PROBLEM. Check each line of the entries below for the word "shows", then report how many have it, with no other words.

(Collection entries)
▬▬▬

(* Consider the spectrum-oligopoly game described in the context on a mean valid conflict graph characterized by $I_1,\dots,I_d$. Suppose a symmetric Nash equilibrium exists in which, for each state $j\in\{1,\dots,n\}$, each primary selects only independent sets among $I_1,\dots,I_d$, choosing $I_s$ with probability $t_{s,j}$ ($\sum_st_{s,j}=1$). For each $s$, define $\gamma_{s,j}=\sum_{k=j}^nt_{s,k}q_k$ ($\gamma_{s,n+1}=0$), $U_{s,1}=v$ and recursively $p_{s,j}=c+(f_j(U_{s,j})-c)W(\gamma_{s,j})$, $L_{s,j}=g_j\!\left(\frac{p_{s,j}-c}{W(\gamma_{s,j+1})}+c\right)$, $U_{s,j+1}=L_{s,j}$. If $t_{s,j}>0$ and $t_{r,j}>0$, then $U_{s,j}=U_{r,j}$.
   Context: Model. $l$ primaries; $m$ secondaries at each node of a finite conflict graph $G=(V,E)$, integers $1\le m<l$. Each primary's channel state $j\in\{0,\dots,n\}$ is the same at every node; states independent across primaries, equal to $j$ w.p. $q_j$, $\sum_{j\ge1}q_j<1$; state 0 means unsellable. Constants $c$, $v$. For $j=1..n$, $g_j$ continuous strictly increasing, $g_i(p)<g_j(p)$ for $i>j$, $f_j=g_j^{-1}$, and for $i<j$, $x>y>g_i(c)$: $\frac{f_i(y)-c}{f_j(y)-c}<\frac{f_i(x)-c}{f_j(x)-c}$; and $f_1(v)>c$. In state $j\ge1$ a primary (knowing only its own state) chooses, possibly randomly, an independent set of $G$ and a penalty at each of its nodes. At each node the $\min(Y,m)$ lowest-penalty offers among the $Y$ offers with penalty $\le v$ are sold (ties uniformly random); a sale at penalty $x$ in state $j$ earns $f_j(x)-c$, else 0; payoff sums over nodes. Nash equilibrium: no primary in any state can gain by unilateral deviation; symmetric if all use the same strategy. $w(x)=\sum_{i=m}^{l-1}\binom{l-1}{i}x^i(1-x)^{l-1-i}$, $W=1-w$. Mean valid graph: $V=I_1\sqcup\dots\sqcup I_d$, $d\ge2$, maximal independent sets, $M_s=|I_s|$, $M_1\ge\dots\ge M_d$, and every independent set $I$ has $\sum_s|I\cap I_s|/M_s\le1$. *)

theory Defs
  imports "HOL-Probability.Probability"
begin

definition indep :: "('v \<Rightarrow> 'v \<Rightarrow> bool) \<Rightarrow> 'v set \<Rightarrow> bool" where
  "indep E I \<longleftrightarrow> (\<forall>a\<in>I. \<forall>b\<in>I. \<not> E a b)"
(* Assume the setting below. There exists a constant $C\geq0$ (independent of $h$ and $\Delta x$) such that $$\sup_{n=0,\ldots,N,\ m\in\mathbb Z^d}|\widehat v(t_n,x_m)-V(t_n,x_m)|\leq C\frac{|\Delta x|}{h}.$$
   Context: Let $T>0$, $d,p,q\ge1$, let $A\subseteq\mathbb R^q$ be a compact subset of a separable metric space, and let $\mu:[0,T]\times\mathbb R^d\times A\to\mathbb R^d$, $\sigma:[0,T]\times\mathbb R^d\times A\to\mathbb R^{d\times p}$ be continuous with $|\mu(t,x,a)-\mu(s,y,a)|+\|\sigma(t,x,a)-\sigma(s,y,a)\|\leq C_0(|x-y|+|t-s|^{1/2})$ for all arguments. Let $\psi:\mathbb R^d\to\mathbb R$ be continuous with $|\psi(x)-\psi(y)|\le L|x-y|$. Let $N\ge1$, $h=T/N$, $t_n=nh$. Let $M\ge2$ and $(\hat\lambda_i,\hat\xi_i)_{i=1}^{\hat M}$, $\hat\lambda_i\ge0$, $\hat\xi_i\in\mathbb R^p$, a cubature rule exact for all polynomials of degree $\le2M-1$ with respect to $\mathcal N(0,I_p)$. Define $\widehat v(t_N,\cdot)=\psi$ and $\widehat v(t_n,x)=\sup_{a\in A}\sum_i\hat\lambda_i\widehat v(t_{n+1},x+\mu(t_n,x,a)h+\sqrt h\sigma(t_n,x,a)\hat\xi_i)$ for $n=N-1,\dots,0$, $x\in\mathbb R^d$. Let $\Delta x=(\Delta x_1,\ldots,\Delta x_d)$ with $\Delta x_j>0$, grid $\mathcal G_{\Delta x}=\{x_m=m\Delta x:\ m\in\mathbb Z^d\}$ (componentwise product), and let $\mathcal I[\phi]$ be the standard multilinear interpolant of a function $\phi$ on this grid (so $\mathcal I[\phi](x_m)=\phi(x_m)$, $|\mathcal I[\phi](x)-\phi(x)|\le L_\phi|\Delta x|$ for $L_\phi$-Lipschitz $\phi$, and $\phi_1\le\phi_2\Rightarrow\mathcal I[\phi_1]\le\mathcal I[\phi_2]$). Define $V(t_N,x_m)=\psi(x_m)$ and for $n=N-1,\ldots,0$, $m\in\mathbb Z^d$: $V(t_n,x_m)=\sup_{a\in A}\sum_{i=1}^{\hat M}\hat\lambda_i\,\mathcal I[V(t_{n+1},\cdot)]\big(x_m+\mu(t_n,x_m,a)h+\sqrt h\sigma(t_n,x_m,a)\hat\xi_i\big)$. *)

theory Defs
  imports "HOL-Probability.Probability"
begin

definition grid_pt :: "real^'d \<Rightarrow> int^'d \<Rightarrow> real^'d" where
  "grid_pt dx m = (\<chi> j. real_of_int (m$j) * dx$j)"

text \<open>Standard multilinear (Q1) interpolant of grid data phi (phi m = value at x_m).\<close>
definition interp :: "real^'d \<Rightarrow> (int^'d \<Rightarrow> real) \<Rightarrow> real^'d \<Rightarrow> real" where
  "interp dx phi x =
     (let m = (\<chi> j. \<lfloor>x$j / dx$j\<rfloor>);
          \<theta> = (\<lambda>j. x$j / dx$j - real_of_int (m$j))
      in \<Sum>e\<in>(UNIV::('d \<Rightarrow> bool) set).
           (\<Prod>j\<in>UNIV. if e j then \<theta> j else 1 - \<theta> j)
           * phi (\<chi> j. m$j + (if e j then 1 else 0)))"

definition gauss_moment :: "('p::finite \<Rightarrow> nat) \<Rightarrow> real" where
  "gauss_moment \<alpha> =
     (LINT x|lborel. (\<Prod>j\<in>UNIV. ((x::real^'p)$j) ^ (\<alpha> j)) * (\<Prod>j\<in>UNIV. std_normal_density (x$j)))"

text \<open>Cubature rule (weights lam i, nodes xi i, i < Mh) exact for all polynomials of
  total degree \<le> K w.r.t. N(0,I_p), i.e. (by linearity) for all monomials of degree \<le> K.\<close>
definition cubature_exact :: "nat \<Rightarrow> (nat \<Rightarrow> real) \<Rightarrow> (nat \<Rightarrow> real^'p) \<Rightarrow> nat \<Rightarrow> bool" where
  "cubature_exact Mh lam xi K =
     (\<forall>\<alpha>::'p \<Rightarrow> nat. (\<Sum>j\<in>UNIV. \<alpha> j) \<le> K \<longrightarrow>
        (\<Sum>i<Mh. lam i * (\<Prod>j\<in>UNIV. (xi i $ j) ^ (\<alpha> j))) = gauss_moment \<alpha>)"

definition dp_step ::
  "real \<Rightarrow> (real \<Rightarrow> real^'d \<Rightarrow> real^'q \<Rightarrow> real^'d) \<Rightarrow> (real \<Rightarrow> real^'d \<Rightarrow> real^'q \<Rightarrow> real^'p^'d)
   \<Rightarrow> (real^'q) set \<Rightarrow> nat \<Rightarrow> (nat \<Rightarrow> real) \<Rightarrow> (nat \<Rightarrow> real^'p)
   \<Rightarrow> real \<Rightarrow> (real^'d \<Rightarrow> real) \<Rightarrow> real^'d \<Rightarrow> real" where
  "dp_step h mu sg A Mh lam xi t f x =
     (SUP a\<in>A. \<Sum>i<Mh. lam i * f (x + h *\<^sub>R mu t x a + sqrt h *\<^sub>R (sg t x a *v xi i)))"

text \<open>Semi-discrete scheme, indexed by k = N - n (number of backward steps done); h = T/N.\<close>
primrec vhat_rev ::
  "real \<Rightarrow> nat \<Rightarrow> (real \<Rightarrow> real^'d \<Rightarrow> real^'q \<Rightarrow> real^'d) \<Rightarrow> (real \<Rightarrow> real^'d \<Rightarrow> real^'q \<Rightarrow> real^'p^'d)
   \<Rightarrow> (real^'q) set \<Rightarrow> nat \<Rightarrow> (nat \<Rightarrow> real) \<Rightarrow> (nat \<Rightarrow> real^'p) \<Rightarrow> (real^'d \<Rightarrow> real)
   \<Rightarrow> nat \<Rightarrow> real^'d \<Rightarrow> real" where
  "vhat_rev T N mu sg A Mh lam xi psi 0 = psi"
| "vhat_rev T N mu sg A Mh lam xi psi (Suc k) =
     dp_step (T / real N) mu sg A Mh lam xi (real (N - Suc k) * (T / real N))
       (vhat_rev T N mu sg A Mh lam xi psi k)"

definition vhat where
  "vhat T N mu sg A Mh lam xi psi n = vhat_rev T N mu sg A Mh lam xi psi (N - n)"

primrec V_rev ::
  "real \<Rightarrow> nat \<Rightarrow> (real \<Rightarrow> real^'d \<Rightarrow> real^'q \<Rightarrow> real^'d) \<Rightarrow> (real \<Rightarrow> real^'d \<Rightarrow> real^'q \<Rightarrow> real^'p^'d)
   \<Rightarrow> (real^'q) set \<Rightarrow> nat \<Rightarrow> (nat \<Rightarrow> real) \<Rightarrow> (nat \<Rightarrow> real^'p) \<Rightarrow> (real^'d \<Rightarrow> real)
   \<Rightarrow> real^'d \<Rightarrow> nat \<Rightarrow> int^'d \<Rightarrow> real" where
  "V_rev T N mu sg A Mh lam xi psi dx 0 = (\<lambda>m. psi (grid_pt dx m))"
| "V_rev T N mu sg A Mh lam xi psi dx (Suc k) =
     (\<lambda>m. dp_step (T / real N) mu sg A Mh lam xi (real (N - Suc k) * (T / real N))
            (interp dx (V_rev T N mu sg A Mh lam xi psi dx k)) (grid_pt dx m))"

definition V where
  "V T N mu sg A Mh lam xi psi dx n = V_rev T N mu sg A Mh lam xi psi dx (N - n)"

end

(*
  Both schemes apply the same one-step operator, a supremum over controls of cubature averages,
  which is nonexpansive in the sup norm; the fully discrete scheme in addition replaces the value
  function by its multilinear interpolant, a convex combination of grid values within distance
  |dx| of the evaluation point. So each backward step adds at most Lambda |dx| to the grid error,
  where Lambda bounds the Lipschitz constants of the semi-discrete value functions.
  One step multiplies a Lipschitz constant by at most 1 + K h (K = growth_rate): the cubature
  nodes have mean zero, so the noise of size sqrt h enters the mean displacement of two
  trajectories only through its square, i.e. at order h. Hence Lambda = L exp(K T), and after at
  most N = T / h steps the error is at most T L exp(K T) |dx| / h.
*)
theory Submission
  imports Defs
begin

lemma integral_lborel_prod:
  fixes f :: "'a::euclidean_space \<Rightarrow> real \<Rightarrow> real"
  assumes "\<And>b. b \<in> Basis \<Longrightarrow> integrable lborel (f b)"
  shows "(LINT x|lborel. (\<Prod>b\<in>Basis. f b (x \<bullet> b))) = (\<Prod>b\<in>Basis. (LINT x|lborel. f b x))"
proof -
  have [measurable]: "\<And>b. b \<in> Basis \<Longrightarrow> f b \<in> borel_measurable borel"
    using assms borel_measurable_integrable by fastforce
  have m: "(\<lambda>g. \<Sum>b\<in>Basis. g b *\<^sub>R b) \<in> (\<Pi>\<^sub>M b\<in>(Basis::'a set). lborel) \<rightarrow>\<^sub>M borel"
    by measurable
  have "(LINT x|lborel. (\<Prod>b\<in>Basis. f b (x \<bullet> b))) =
     (LINT g|(\<Pi>\<^sub>M b\<in>(Basis::'a set). lborel). (\<Prod>b\<in>Basis. f b ((\<Sum>b\<in>Basis. g b *\<^sub>R b) \<bullet> b)))"
    by (subst lborel_eq, rule integral_distr[OF m]) measurable
  also have "\<dots> = (LINT g|(\<Pi>\<^sub>M b\<in>(Basis::'a set). lborel). (\<Prod>b\<in>Basis. f b (g b)))"
    by (intro Bochner_Integration.integral_cong prod.cong refl)
       (simp add: inner_sum_left inner_Basis if_distrib cong: if_cong)
  also have "\<dots> = (\<Prod>b\<in>Basis. (LINT x|lborel. f b x))"
    using assms
    by (intro product_sigma_finite.product_integral_prod)
       (auto intro: product_sigma_finite.intro simp: lborel.sigma_finite_measure_axioms)
  finally show ?thesis .
qed

lemma integral_lborel_prod_cart:
  fixes g :: "'n::finite \<Rightarrow> real \<Rightarrow> real"
  assumes "\<And>j. integrable lborel (g j)"
  shows "(LINT x|lborel. (\<Prod>j\<in>UNIV. g j ((x::real^'n) $ j))) = (\<Prod>j\<in>UNIV. (LINT s|lborel. g j s))"
proof -
  define f where "f b = g (axis_index b)" for b :: "real^'n"
  have Basis: "(Basis :: (real^'n) set) = range (\<lambda>j. axis j 1)"
    by (auto simp: Basis_vec_def)
  have inj: "inj (\<lambda>j::'n. axis j (1::real))"
    by (auto simp: inj_on_def axis_eq_axis)
  have f_axis: "f (axis j 1) = g j" for j
    by (simp add: f_def axis_index_def axis_eq_axis)
  have "(LINT x|lborel. (\<Prod>j\<in>UNIV. g j ((x::real^'n) $ j))) = (LINT x|lborel. (\<Prod>b\<in>Basis. f b (x \<bullet> b)))"
    unfolding Basis prod.reindex[OF inj] by (simp add: f_axis cart_eq_inner_axis)
  also have "\<dots> = (\<Prod>b\<in>Basis. (LINT x|lborel. f b x))"
    by (rule integral_lborel_prod) (auto simp: Basis f_axis assms)
  also have "\<dots> = (\<Prod>j\<in>UNIV. (LINT s|lborel. g j s))"
    unfolding Basis prod.reindex[OF inj] by (simp add: f_axis)
  finally show ?thesis .
qed

lemma gauss_moment_eq_prod:
  "gauss_moment (\<alpha>::'p::finite \<Rightarrow> nat) = (\<Prod>j\<in>UNIV. LBINT s. std_normal_density s * s ^ \<alpha> j)"
proof -
  have "gauss_moment \<alpha> =
      (LINT x|lborel. (\<Prod>j\<in>UNIV. std_normal_density ((x::real^'p) $ j) * (x $ j) ^ \<alpha> j))"
    unfolding gauss_moment_def prod.distrib by (simp add: mult.commute)
  also have "\<dots> = (\<Prod>j\<in>UNIV. LBINT s. std_normal_density s * s ^ \<alpha> j)"
    by (rule integral_lborel_prod_cart) (rule integrable_std_normal_moment)
  finally show ?thesis .
qed

lemma cubature_exact_sum_weights:
  assumes "cubature_exact Mh lam (xi :: nat \<Rightarrow> real^'p) K"
  shows "(\<Sum>i<Mh. lam i) = 1"
proof -
  have "(\<Sum>i<Mh. lam i) = gauss_moment (\<lambda>_::'p. 0::nat)"
    using assms unfolding cubature_exact_def by (drule_tac x="\<lambda>_. 0" in spec) simp
  also have "\<dots> = 1"
    unfolding gauss_moment_eq_prod using integral_std_normal_moment_even[of 0] by simp
  finally show ?thesis .
qed

lemma cubature_exact_sum_nodes:
  assumes "cubature_exact Mh lam (xi :: nat \<Rightarrow> real^'p) K" "1 \<le> K"
  shows "(\<Sum>i<Mh. lam i *\<^sub>R xi i) = 0"
proof (unfold vec_eq_iff, intro allI)
  fix k
  define \<alpha> where "\<alpha> = (\<lambda>j::'p. if j = k then 1 else (0::nat))"
  have monomial: "(\<Prod>j\<in>UNIV. (xi i $ j) ^ (\<alpha> j)) = xi i $ k" for i
    by (simp add: \<alpha>_def if_distrib prod.If_cases cong: if_cong)
  have "(\<Sum>i<Mh. lam i * xi i $ k) = gauss_moment \<alpha>"
    using assms unfolding cubature_exact_def monomial[symmetric] by (auto simp: \<alpha>_def)
  also have "\<dots> = 0"
    unfolding gauss_moment_eq_prod using integral_std_normal_moment_odd[of 0]
    by (auto simp: \<alpha>_def intro!: prod_zero bexI[of _ k])
  finally show "(\<Sum>i<Mh. lam i *\<^sub>R xi i) $ k = 0 $ k"
    by (simp add: sum_component)
qed

lemma abs_cSUP_diff_le:
  fixes f g :: "'a \<Rightarrow> real"
  assumes "A \<noteq> {}" "bdd_above (f ` A)" "\<And>a. a \<in> A \<Longrightarrow> \<bar>f a - g a\<bar> \<le> c"
  shows "\<bar>(SUP a\<in>A. f a) - (SUP a\<in>A. g a)\<bar> \<le> c"
proof -
  obtain B where B: "\<And>a. a \<in> A \<Longrightarrow> f a \<le> B"
    using assms(2) by (auto simp: bdd_above_def)
  have bdd_g: "bdd_above (g ` A)"
    using B assms(3) by (intro bdd_aboveI2[of _ _ "B + c"]) (force simp: abs_le_iff)
  have "(SUP a\<in>A. f a) \<le> (SUP a\<in>A. g a) + c"
  proof (rule cSUP_least[OF assms(1)])
    fix a assume a: "a \<in> A"
    have "f a \<le> g a + c" "g a \<le> (SUP a\<in>A. g a)"
      using assms(3)[OF a] cSUP_upper[OF a bdd_g] by (auto simp: abs_le_iff)
    then show "f a \<le> (SUP a\<in>A. g a) + c"
      by linarith
  qed
  moreover have "(SUP a\<in>A. g a) \<le> (SUP a\<in>A. f a) + c"
  proof (rule cSUP_least[OF assms(1)])
    fix a assume a: "a \<in> A"
    have "g a \<le> f a + c" "f a \<le> (SUP a\<in>A. f a)"
      using assms(3)[OF a] cSUP_upper[OF a assms(2)] by (auto simp: abs_le_iff)
    then show "g a \<le> (SUP a\<in>A. f a) + c"
      by linarith
  qed
  ultimately show ?thesis by linarith
qed

lemma abs_sum_mult_diff_le:
  fixes w f g c :: "'i \<Rightarrow> real"
  assumes "\<And>i. i \<in> S \<Longrightarrow> 0 \<le> w i" "\<And>i. i \<in> S \<Longrightarrow> \<bar>f i - g i\<bar> \<le> c i"
  shows "\<bar>(\<Sum>i\<in>S. w i * f i) - (\<Sum>i\<in>S. w i * g i)\<bar> \<le> (\<Sum>i\<in>S. w i * c i)"
proof -
  have "\<bar>(\<Sum>i\<in>S. w i * f i) - (\<Sum>i\<in>S. w i * g i)\<bar> = \<bar>\<Sum>i\<in>S. w i * (f i - g i)\<bar>"
    by (simp add: sum_subtractf right_diff_distrib)
  also have "\<dots> \<le> (\<Sum>i\<in>S. \<bar>w i * (f i - g i)\<bar>)"
    by (rule sum_abs)
  also have "\<dots> \<le> (\<Sum>i\<in>S. w i * c i)"
    using assms by (intro sum_mono) (simp add: abs_mult mult_left_mono)
  finally show ?thesis .
qed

▬▬▬

ANSWER TO THIS EXERCISE. 6